> [GOAL OF THE EXERCISE]:
Scan the lines below for "definition"; report the number of lines that contain it, and only that.
START PROVIDED DATA
(* The Gromov--Hausdorff distance $d_{\mathrm{GH}}$ and the modified Gromov--Hausdorff distance $\widehat{d}_{\mathrm{GH}}$ are not Lipschitz-equivalent, even when restricted to finite ultrametric spaces: for every $C>0$ there exist finite ultrametric spaces $X,Y$ with $d_{\mathrm{GH}}(X,Y)> C\,\widehat{d}_{\mathrm{GH}}(X,Y)$.
   Context: A metric space $X$ is ultrametric if $d_X(x,x'')\le\max\{d_X(x,x'),d_X(x',x'')\}$ for all $x,x',x''\in X$. For a map $f:X\to Y$ between metric spaces, $\operatorname{dis}(f)=\sup_{x,x'\in X}|d_X(x,x')-d_Y(f(x),f(x'))|$. For $f:X\to Y$, $g:Y\to X$, $\operatorname{codis}(f,g)=\sup_{x\in X,y\in Y}|d_X(x,g(y))-d_Y(f(x),y)|$. For compact metric spaces, $d_{\mathrm{GH}}(X,Y)$ is the Gromov--Hausdorff distance (infimum over metric spaces $Z$ and isometric embeddings of $X,Y$ into $Z$ of the Hausdorff distance of the images); equivalently $d_{\mathrm{GH}}(X,Y)=\frac12\inf_{f,g}\max\{\operatorname{dis}(f),\operatorname{dis}(g),\operatorname{codis}(f,g)\}$. The modified Gromov--Hausdorff distance is $\widehat{d}_{\mathrm{GH}}(X,Y)=\frac12\max\{\inf_{f:X\to Y}\operatorname{dis}(f),\inf_{g:Y\to X}\operatorname{dis}(g)\}$. *)

theory Defs
  imports "HOL-Library.FuncSet" Complex_Main
begin

definition finite_metric_space :: "'a set \<Rightarrow> ('a \<Rightarrow> 'a \<Rightarrow> real) \<Rightarrow> bool" where
  "finite_metric_space X d \<longleftrightarrow> finite X \<and> X \<noteq> {} \<and>
     (\<forall>x\<in>X. \<forall>y\<in>X. d x y = 0 \<longleftrightarrow> x = y) \<and>
     (\<forall>x\<in>X. \<forall>y\<in>X. d x y = d y x) \<and>
     (\<forall>x\<in>X. \<forall>y\<in>X. \<forall>z\<in>X. d x z \<le> d x y + d y z)"

definition ultrametric :: "'a set \<Rightarrow> ('a \<Rightarrow> 'a \<Rightarrow> real) \<Rightarrow> bool" where
  "ultrametric X d \<longleftrightarrow> (\<forall>x\<in>X. \<forall>x'\<in>X. \<forall>x''\<in>X. d x x'' \<le> max (d x x') (d x' x''))"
END PROVIDED DATA
> [ANSWER TO THIS EXERCISE]:
2